The White House on Monday slammed a House lawmaker pushing legislation that would delay implementation of a law to close a legal loophole that enables payday lenders to exceed predatory lending caps on service members.
Rep. Steve Stivers, a member of the House Financial Services Committee, has submitted an amendment to the National Defense Authorization Act that bars the law from taking effect until the Defense Department can prove that the Military Lending Act database run by the Defense Department meets industry standards for accuracy.
White House spokesman Josh Earnest called the amendment a provision "that would protect loopholes that allow predatory lenders to target military families.
"It's almost too difficult to believe that you'd have a member of Congress looking to carry water for the payday loan industry, and allow them to continue to target in a predatory fashion military families who in many case are already in a vulnerable financial state," Earnest said.
Earnest did not say whether the White House would veto the Defense bill over the provision, but said he could not imagine the amendment "earning the majority support in the United States Congress."

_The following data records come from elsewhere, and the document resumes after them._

lemma fsup_upper1: "fle \<mu> x (fsup \<mu> x y)"
  and fsup_upper2: "fle \<mu> y (fsup \<mu> x y)"
  and fsup_least: "fle \<mu> x u \<Longrightarrow> fle \<mu> y u \<Longrightarrow> fle \<mu> (fsup \<mu> x y) u"
  using fsup_is_fsup[of x y] unfolding is_fsup_def by blast+

lemma fsup_unique: "is_fsup \<mu> {x, y} s \<Longrightarrow> fsup \<mu> x y = s"
  using fsup_is_fsup fle_antisym unfolding is_fsup_def by blast

lemma fsup_absorb1: "fle \<mu> y x \<Longrightarrow> fsup \<mu> x y = x"
  by (rule fsup_unique) (auto simp: is_fsup_def fle_refl)

lemma fsup_mono: "fle \<mu> x x' \<Longrightarrow> fle \<mu> y y' \<Longrightarrow> fle \<mu> (fsup \<mu> x y) (fsup \<mu> x' y')"
  by (meson fle_trans fsup_upper1 fsup_upper2 fsup_least)

lemma fsup_scaleR:
  assumes "0 < a"
  shows "fsup \<mu> (a *\<^sub>R x) (a *\<^sub>R y) = a *\<^sub>R fsup \<mu> x y"
proof (rule fsup_unique, unfold is_fsup_def, safe)
  show "fle \<mu> (a *\<^sub>R x) (a *\<^sub>R fsup \<mu> x y)" "fle \<mu> (a *\<^sub>R y) (a *\<^sub>R fsup \<mu> x y)"
    using assms by (auto intro: fle_scaleR_left_mono fsup_upper1 fsup_upper2)
next
  fix u assume u: "\<forall>z\<in>{a *\<^sub>R x, a *\<^sub>R y}. fle \<mu> z u"
  have "fle \<mu> (inverse a *\<^sub>R (a *\<^sub>R z)) (inverse a *\<^sub>R u)" if "z \<in> {x, y}" for z
    by (rule fle_scaleR_left_mono) (use that assms u in auto)
  with assms have "fle \<mu> (fsup \<mu> x y) (inverse a *\<^sub>R u)"
    by (simp add: fsup_least)
  then have "fle \<mu> (a *\<^sub>R fsup \<mu> x y) (a *\<^sub>R (inverse a *\<^sub>R u))"
    by (rule fle_scaleR_left_mono) (use assms in simp)
  with assms show "fle \<mu> (a *\<^sub>R fsup \<mu> x y) u"
    by simp
qed

lemma fabs_ge_self: "fle \<mu> x (fabs \<mu> x)"
  and fabs_ge_minus: "fle \<mu> (- x) (fabs \<mu> x)"
  unfolding fabs_def by (rule fsup_upper1, rule fsup_upper2)

lemma fabs_nonneg: "fle \<mu> 0 (fabs \<mu> x)"
proof -
  have "fle \<mu> (x + - x) (fabs \<mu> x + fabs \<mu> x)"
    by (rule fle_add[OF fabs_ge_self fabs_ge_minus])
  then have "fle \<mu> ((1/2) *\<^sub>R 0) ((1/2) *\<^sub>R (2 *\<^sub>R fabs \<mu> x))"
    by (intro fle_scaleR_left_mono) (simp_all add: scaleR_2)
  then show ?thesis
    by simp
qed

lemma fabs_of_nonneg:
  assumes "fle \<mu> 0 x"
  shows "fabs \<mu> x = x"
proof -
  have "fle \<mu> (- x) 0"
    using fle_diff_left_mono[OF assms, of 0] by simp
  then have "fle \<mu> (- x) x"
    using assms by (rule fle_trans)
  then show ?thesis
    unfolding fabs_def by (rule fsup_absorb1)
qed

lemma fabs_triangle: "fle \<mu> (fabs \<mu> (a + b)) (fabs \<mu> a + fabs \<mu> b)"
  unfolding fabs_def[of _ "a + b"]
proof (rule fsup_least)
  show "fle \<mu> (a + b) (fabs \<mu> a + fabs \<mu> b)"
    by (rule fle_add[OF fabs_ge_self fabs_ge_self])
  show "fle \<mu> (- (a + b)) (fabs \<mu> a + fabs \<mu> b)"
    using fle_add[OF fabs_ge_minus fabs_ge_minus, of a b] by simp
qed

lemma fpos_ge_self: "fle \<mu> x (fpos \<mu> x)"
  and fpos_nonneg: "fle \<mu> 0 (fpos \<mu> x)"
  unfolding fpos_def by (rule fsup_upper1, rule fsup_upper2)

lemma fpos_le_fabs: "fle \<mu> (fpos \<mu> x) (fabs \<mu> x)"
  unfolding fpos_def by (rule fsup_least[OF fabs_ge_self fabs_nonneg])

lemma fpos_mono: "fle \<mu> x y \<Longrightarrow> fle \<mu> (fpos \<mu> x) (fpos \<mu> y)"
  unfolding fpos_def by (rule fsup_mono[OF _ fle_refl])

lemma fpos_scaleR: "0 < a \<Longrightarrow> fpos \<mu> (a *\<^sub>R x) = a *\<^sub>R fpos \<mu> x"
  using fsup_scaleR[of a x 0] unfolding fpos_def by simp

end

lemma fuzzy_ideal_subspace: "fuzzy_ideal \<mu> A \<Longrightarrow> subspace A"
  unfolding fuzzy_ideal_def by blast

context fuzzy_riesz
begin

lemma fuzzy_ideal_solid:
  assumes "fuzzy_ideal \<mu> A" "c \<in> A" "fle \<mu> 0 y" "fle \<mu> y (fabs \<mu> c)"
  shows "y \<in> A"
  using assms fabs_of_nonneg[OF assms(3)] unfolding fuzzy_ideal_def fle_def by metis

lemma fuzzy_ideal_fabs_iff:
  assumes "fuzzy_ideal \<mu> A"
  shows "fabs \<mu> x \<in> A \<longleftrightarrow> x \<in> A"
proof
  assume "fabs \<mu> x \<in> A"
  moreover have "fle \<mu> (fabs \<mu> x) (fabs \<mu> (fabs \<mu> x))"
    by (simp add: fabs_of_nonneg[OF fabs_nonneg] fle_refl)
  ultimately show "x \<in> A"
    using assms unfolding fuzzy_ideal_def fle_def by blast
qed (use assms fuzzy_ideal_solid fabs_nonneg fle_refl in blast)

lemma fuzzy_ideal_fpos_mem:
  assumes "fuzzy_ideal \<mu> A" "c \<in> A" "fle \<mu> x c"
  shows "fpos \<mu> x \<in> A"
proof (rule fuzzy_ideal_solid[OF assms(1,2) fpos_nonneg])
  show "fle \<mu> (fpos \<mu> x) (fabs \<mu> c)"
    using fpos_mono[OF assms(3)] fpos_le_fabs by (rule fle_trans)
qed

end

section \<open>The quotient order\<close>

lemma mem_coset: "y \<in> coset A f \<longleftrightarrow> y - f \<in> A"
  unfolding coset_def by (auto intro!: exI[of _ "y - f"])

lemma coset_eq_iff:
  assumes "subspace A"
  shows "coset A f = coset A g \<longleftrightarrow> f - g \<in> A"
proof
  assume "coset A f = coset A g"
  moreover have "f \<in> coset A f"
    using assms by (simp add: mem_coset subspace_0)
  ultimately show "f - g \<in> A"
    by (simp add: mem_coset)
next
  assume fg: "f - g \<in> A"
  have "y - f \<in> A \<longleftrightarrow> y - g \<in> A" for y
    using subspace_add[OF assms _ fg, of "y - f"] subspace_diff[OF assms _ fg, of "y - g"]
    by auto
  then show "coset A f = coset A g"
    by (auto simp: mem_coset)
qed

lemma scaleR_image_coset:
  assumes "subspace A" "l \<noteq> 0"
  shows "(\<lambda>v. l *\<^sub>R v) ` coset A f = coset A (l *\<^sub>R f)"
proof (rule set_eqI)
  fix y
  have "y \<in> (\<lambda>v. l *\<^sub>R v) ` coset A f \<longleftrightarrow> inverse l *\<^sub>R y \<in> coset A f"
    using assms(2) by (auto simp: image_iff intro!: bexI[of _ "inverse l *\<^sub>R y"])
  also have "\<dots> \<longleftrightarrow> inverse l *\<^sub>R (y - l *\<^sub>R f) \<in> A"
    using assms(2) by (simp add: mem_coset scaleR_diff_right)
  also have "\<dots> \<longleftrightarrow> y - l *\<^sub>R f \<in> A"
    using subspace_scale[OF assms(1), of _ l] subspace_scale[OF assms(1), of _ "inverse l"] assms(2)
    by fastforce
  finally show "y \<in> (\<lambda>v. l *\<^sub>R v) ` coset A f \<longleftrightarrow> y \<in> coset A (l *\<^sub>R f)"
    by (simp add: mem_coset)
qed

context fuzzy_riesz
begin

lemma quot_mu_coset_gt_half_iff:
  assumes "subspace A"
  shows "quot_mu \<mu> (coset A f) (coset A g) > 1/2 \<longleftrightarrow> (\<exists>a\<in>A. fle \<mu> f (g + a))"
proof -
  have "(\<exists>f1\<in>coset A f. \<exists>g1\<in>coset A g. fle \<mu> f1 g1) \<longleftrightarrow> (\<exists>a\<in>A. fle \<mu> f (g + a))"
  proof
    assume "\<exists>f1\<in>coset A f. \<exists>g1\<in>coset A g. fle \<mu> f1 g1"
    then obtain a1 a2 where a: "a1 \<in> A" "a2 \<in> A" and le: "fle \<mu> (f + a1) (g + a2)"
      unfolding coset_def by blast
    from le have "fle \<mu> (f + a1 + - a1) (g + a2 + - a1)"
      by (rule fle_add_right)
    then have "fle \<mu> f (g + (a2 - a1))"
      by (simp add: algebra_simps)
    with subspace_diff[OF assms a(2,1)] show "\<exists>a\<in>A. fle \<mu> f (g + a)" ..
  next
    assume "\<exists>a\<in>A. fle \<mu> f (g + a)"
    then show "\<exists>f1\<in>coset A f. \<exists>g1\<in>coset A g. fle \<mu> f1 g1"
      using subspace_0[OF assms] unfolding coset_def by force
  qed
  moreover have "\<exists>a\<in>A. fle \<mu> f (g + a)" if "coset A f = coset A g"
    using that coset_eq_iff[OF assms] by (intro bexI[of _ "f - g"]) (simp_all add: fle_refl)
  ultimately show ?thesis
    unfolding quot_mu_def fle_def by auto
qed

lemma quot_archimedean_iff:
  assumes "subspace A"
  shows "quot_archimedean \<mu> A \<longleftrightarrow>
    (\<forall>f g. (\<exists>a\<in>A. fle \<mu> 0 (f + a)) \<and> (\<forall>l>0. \<exists>a\<in>A. fle \<mu> (l *\<^sub>R f) (g + a)) \<longrightarrow> f \<in> A)"
proof -
  have image_coset: "(\<lambda>v. l *\<^sub>R v) ` coset A f = coset A (l *\<^sub>R f)" if "l > 0" for l f
    using scaleR_image_coset[OF assms] that by simp
  have "quot_archimedean \<mu> A \<longleftrightarrow> (\<forall>f. f \<notin> A \<and> (\<exists>a\<in>A. fle \<mu> 0 (f + a)) \<longrightarrow>
      \<not> (\<exists>g. \<forall>l>0. \<exists>a\<in>A. fle \<mu> (l *\<^sub>R f) (g + a)))"
    unfolding quot_archimedean_def fuzzy_archimedean_on_def quot_space_def
    by (simp add: image_coset coset_eq_iff[OF assms] quot_mu_coset_gt_half_iff[OF assms]
        del: divide_less_eq_numeral1 cong: conj_cong)
  then show ?thesis
    by blast
qed

end

section \<open>Closedness conditions on an ideal\<close>

definition closed_under_increasing_ru_limits :: "('a::real_vector \<Rightarrow> 'a \<Rightarrow> real) \<Rightarrow> 'a set \<Rightarrow> bool"
  where "closed_under_increasing_ru_limits \<mu> A \<longleftrightarrow>
    (\<forall>xs x. (\<forall>n. xs n \<in> A) \<and> (\<forall>n. \<mu> 0 (xs n) > 1/2)
       \<and> (\<forall>m n. m \<le> n \<longrightarrow> fle \<mu> (xs m) (xs n))
       \<and> ru_converges \<mu> xs x \<longrightarrow> x \<in> A)"

text \<open>The premise (n x - w)^+ \<in> A says that n x \<le> w modulo A, whence the name.\<close>

definition archimedean_modulo :: "('a::real_vector \<Rightarrow> 'a \<Rightarrow> real) \<Rightarrow> 'a set \<Rightarrow> bool"
  where "archimedean_modulo \<mu> A \<longleftrightarrow>
    (\<forall>x w. fle \<mu> 0 x \<and> fle \<mu> 0 w
       \<and> (\<forall>n::nat. n \<ge> 1 \<longrightarrow> fpos \<mu> (real n *\<^sub>R x - w) \<in> A) \<longrightarrow> x \<in> A)"

context fuzzy_riesz
begin

lemma ru_converges_fpos_diff_scaleR:
  assumes x: "fle \<mu> 0 x" and w: "fle \<mu> 0 w" and c: "\<And>n. 0 \<le> c n" "c \<longlonglongrightarrow> 0"
  shows "ru_converges \<mu> (\<lambda>n. fpos \<mu> (x - c n *\<^sub>R w)) x"
  unfolding ru_converges_def
proof (intro exI[of _ w] conjI allI impI)
  show "fle \<mu> 0 w" by (fact w)
  fix e :: real assume "e > 0"
  then obtain N where N: "\<And>n. n \<ge> N \<Longrightarrow> c n < e"
    using order_tendstoD(2)[OF c(2)] unfolding eventually_sequentially by blast
  show "\<exists>N. \<forall>n>N. \<mu> (fabs \<mu> (x - fpos \<mu> (x - c n *\<^sub>R w))) (e *\<^sub>R w) > 1/2"
  proof (intro exI[of _ N] allI impI)
    fix n assume "n > N"
    define p where "p = fpos \<mu> (x - c n *\<^sub>R w)"
    have "fle \<mu> (x - c n *\<^sub>R w) (x - 0 *\<^sub>R w)"
      by (intro fle_diff_left_mono fle_scaleR_right_mono w c(1))
    then have "fle \<mu> p x"
      unfolding p_def fpos_def using x by (simp add: fsup_least)
    then have p_le: "fle \<mu> 0 (x - p)"
      by (rule fle_iff_diff_nonneg[THEN iffD1])
    have "fle \<mu> (x - p) (x - (x - c n *\<^sub>R w))"
      unfolding p_def by (rule fle_diff_left_mono[OF fpos_ge_self])
    also have "\<dots> = c n *\<^sub>R w"
      by simp
    also have "fle \<mu> \<dots> (e *\<^sub>R w)"
      using N \<open>n > N\<close> by (intro fle_scaleR_right_mono w) (simp add: less_imp_le)
    finally show "\<mu> (fabs \<mu> (x - p)) (e *\<^sub>R w) > 1/2"
      unfolding fabs_of_nonneg[OF p_le] fle_def .
  qed
qed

The Pentagon wants increased protections for its members, many of whom have used so-called payday lenders when strapped for cash, only to find their debt quickly spiral upward from penalties and high-interest when they cannot pay the loan on time.
Stivers is a colonel in the Ohio National Guard and deployed to Iraq, Kuwait, Qatar and Djibouti during Operation Iraqi Freedom.
Stivers was in Ohio on Monday hosting a jobs fair. Military.com was unable to reach him for comment through his district offices.
The Pentagon last fall said it wanted to close loopholes in the law that allowed payday lenders to escape the 36 percent interest rate cap. The cap was implemented by the DoD and is enforced by the Consumer Financial Protection Bureau.
Richard Cordray, the bureau's director, told Military.com in December that the loophole in the current rules was "akin to sending a soldier into battle with a flak jacket but no helmet.
"To give our troops full-cover protection, the rules need to be expanded," he said.
Stivers' amendment is the second legislative attempt to delay the Defense Department's move to close the loophole.
House lawmakers earlier inserted a provision into the Defense Act that would barred the loophole from closing until at least 60 days after the Defense Department completed a study on how the credit regulation affected troops' ability to do their jobs, Bloomberg News reported last month.
But Rep. Tammy Duckworth, D-Illinois, a combat wounded veteran, sponsored legislation now in the defense bill to protect service members that struck out the language calling for the study, which some said would postpone the loophole closure for a year.